What the exercise asks
Exactly the lines from the opening of the data through the line containing "real \<Rightarrow> (real" should be reproduced, please, with nothing added.
** Information supplied follows **
(* Let $\theta\in\mathbb{R}$ and let $\phi:\mathbb{N}\cup\{0\}\to\mathbb{R}$ be such that $\sum_kC^k|\phi(k)|(k!)^{-2}<\infty$ for every $C>0$. Then for continuous bounded variation paths $\gamma,\sigma:[a,b]\to V$ and every $(s,t)\in[a,b]^2$, \[ K_{\theta\phi}^{\gamma,\sigma}(s,t)=K_\phi^{\theta\gamma,\sigma}(s,t)=K_\phi^{\gamma,\theta\sigma}(s,t). \] In particular, if $\phi\equiv1$, then $K_\theta^{\gamma,\sigma}:=K_{\theta\phi}^{\gamma,\sigma}$ satisfies \[ K_\theta^{\gamma,\sigma}(s,t)=1+\theta\int_a^s\int_a^tK_\theta^{\gamma,\sigma}(u,v)\,\langle d\gamma_u,d\sigma_v\rangle . \]
   Context: $V$ is a finite-dimensional real inner product space, $\langle\cdot,\cdot\rangle_k$ the induced Hilbert–Schmidt inner product on $V^{\otimes k}$. Signature: $S(\gamma)^0=1$, $S(\gamma)^k_{s,t}=\int_{s<u_1<\dots<u_k<t}d\gamma_{u_1}\otimes\cdots\otimes d\gamma_{u_k}$. $K_\phi^{\gamma,\sigma}(s,t)=\sum_{k\ge0}\phi(k)\langle S(\gamma)^k_{a,s},S(\sigma)^k_{a,t}\rangle_k$. $\theta\phi$ denotes the function $n\mapsto\theta^n\phi(n)$, and $\theta\gamma$ the path $u\mapsto\theta\gamma_u$. *)

theory Defs
  imports "HOL-Analysis.Analysis"
begin

definition is_partition :: "real \<Rightarrow> real \<Rightarrow> nat \<Rightarrow> (nat \<Rightarrow> real) \<Rightarrow> bool" where
  "is_partition a b n x \<longleftrightarrow> x 0 = a \<and> x n = b \<and> (\<forall>i<n. x i \<le> x (Suc i))"

definition bounded_variation_on :: "real \<Rightarrow> real \<Rightarrow> (real \<Rightarrow> 'a::real_normed_vector) \<Rightarrow> bool" where
  "bounded_variation_on a b g \<longleftrightarrow>
     (\<exists>M. \<forall>n x. is_partition a b n x \<longrightarrow> (\<Sum>i<n. norm (g (x (Suc i)) - g (x i))) \<le> M)"

definition has_RS_integral :: "(real \<Rightarrow> real) \<Rightarrow> (real \<Rightarrow> real) \<Rightarrow> real \<Rightarrow> real \<Rightarrow> real \<Rightarrow> bool" where
  "has_RS_integral f g a b I \<longleftrightarrow>
     (\<forall>\<epsilon>>0. \<exists>\<delta>>0. \<forall>n x \<xi>. is_partition a b n x \<and> (\<forall>i<n. x (Suc i) - x i < \<delta>)
        \<and> (\<forall>i<n. x i \<le> \<xi> i \<and> \<xi> i \<le> x (Suc i))
        \<longrightarrow> \<bar>(\<Sum>i<n. f (\<xi> i) * (g (x (Suc i)) - g (x i))) - I\<bar> < \<epsilon>)"

definition RS_integral :: "(real \<Rightarrow> real) \<Rightarrow> (real \<Rightarrow> real) \<Rightarrow> real \<Rightarrow> real \<Rightarrow> real" where
  "RS_integral f g a b = (THE I. has_RS_integral f g a b I)"

text \<open>Coordinates of the level-k signature S(g)^k_{a,t} in the orthonormal tensor basis
  e_{i_1} \<otimes> ... \<otimes> e_{i_k}.  The index list is stored in reverse order:
  the head is the last index i_k, so
  S^{k+1}(i_1..i_k i_{k+1})_{a,t} = \<integral>_a^t S^k(i_1..i_k)_{a,u} d<g_u, e_{i_{k+1}}>.\<close>
fun sig_coord :: "(real \<Rightarrow> 'a::euclidean_space) \<Rightarrow> real \<Rightarrow> real \<Rightarrow> 'a list \<Rightarrow> real" where
  "sig_coord g a t [] = 1"
| "sig_coord g a t (i # is) = RS_integral (\<lambda>u. sig_coord g a u is) (\<lambda>u. g u \<bullet> i) a t"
** End of Information supplied **
Response to this exercise
(* Let $\theta\in\mathbb{R}$ and let $\phi:\mathbb{N}\cup\{0\}\to\mathbb{R}$ be such that $\sum_kC^k|\phi(k)|(k!)^{-2}<\infty$ for every $C>0$. Then for continuous bounded variation paths $\gamma,\sigma:[a,b]\to V$ and every $(s,t)\in[a,b]^2$, \[ K_{\theta\phi}^{\gamma,\sigma}(s,t)=K_\phi^{\theta\gamma,\sigma}(s,t)=K_\phi^{\gamma,\theta\sigma}(s,t). \] In particular, if $\phi\equiv1$, then $K_\theta^{\gamma,\sigma}:=K_{\theta\phi}^{\gamma,\sigma}$ satisfies \[ K_\theta^{\gamma,\sigma}(s,t)=1+\theta\int_a^s\int_a^tK_\theta^{\gamma,\sigma}(u,v)\,\langle d\gamma_u,d\sigma_v\rangle . \]
   Context: $V$ is a finite-dimensional real inner product space, $\langle\cdot,\cdot\rangle_k$ the induced Hilbert–Schmidt inner product on $V^{\otimes k}$. Signature: $S(\gamma)^0=1$, $S(\gamma)^k_{s,t}=\int_{s<u_1<\dots<u_k<t}d\gamma_{u_1}\otimes\cdots\otimes d\gamma_{u_k}$. $K_\phi^{\gamma,\sigma}(s,t)=\sum_{k\ge0}\phi(k)\langle S(\gamma)^k_{a,s},S(\sigma)^k_{a,t}\rangle_k$. $\theta\phi$ denotes the function $n\mapsto\theta^n\phi(n)$, and $\theta\gamma$ the path $u\mapsto\theta\gamma_u$. *)

theory Defs
  imports "HOL-Analysis.Analysis"
begin

definition is_partition :: "real \<Rightarrow> real \<Rightarrow> nat \<Rightarrow> (nat \<Rightarrow> real) \<Rightarrow> bool" where
  "is_partition a b n x \<longleftrightarrow> x 0 = a \<and> x n = b \<and> (\<forall>i<n. x i \<le> x (Suc i))"

definition bounded_variation_on :: "real \<Rightarrow> real \<Rightarrow> (real \<Rightarrow> 'a::real_normed_vector) \<Rightarrow> bool" where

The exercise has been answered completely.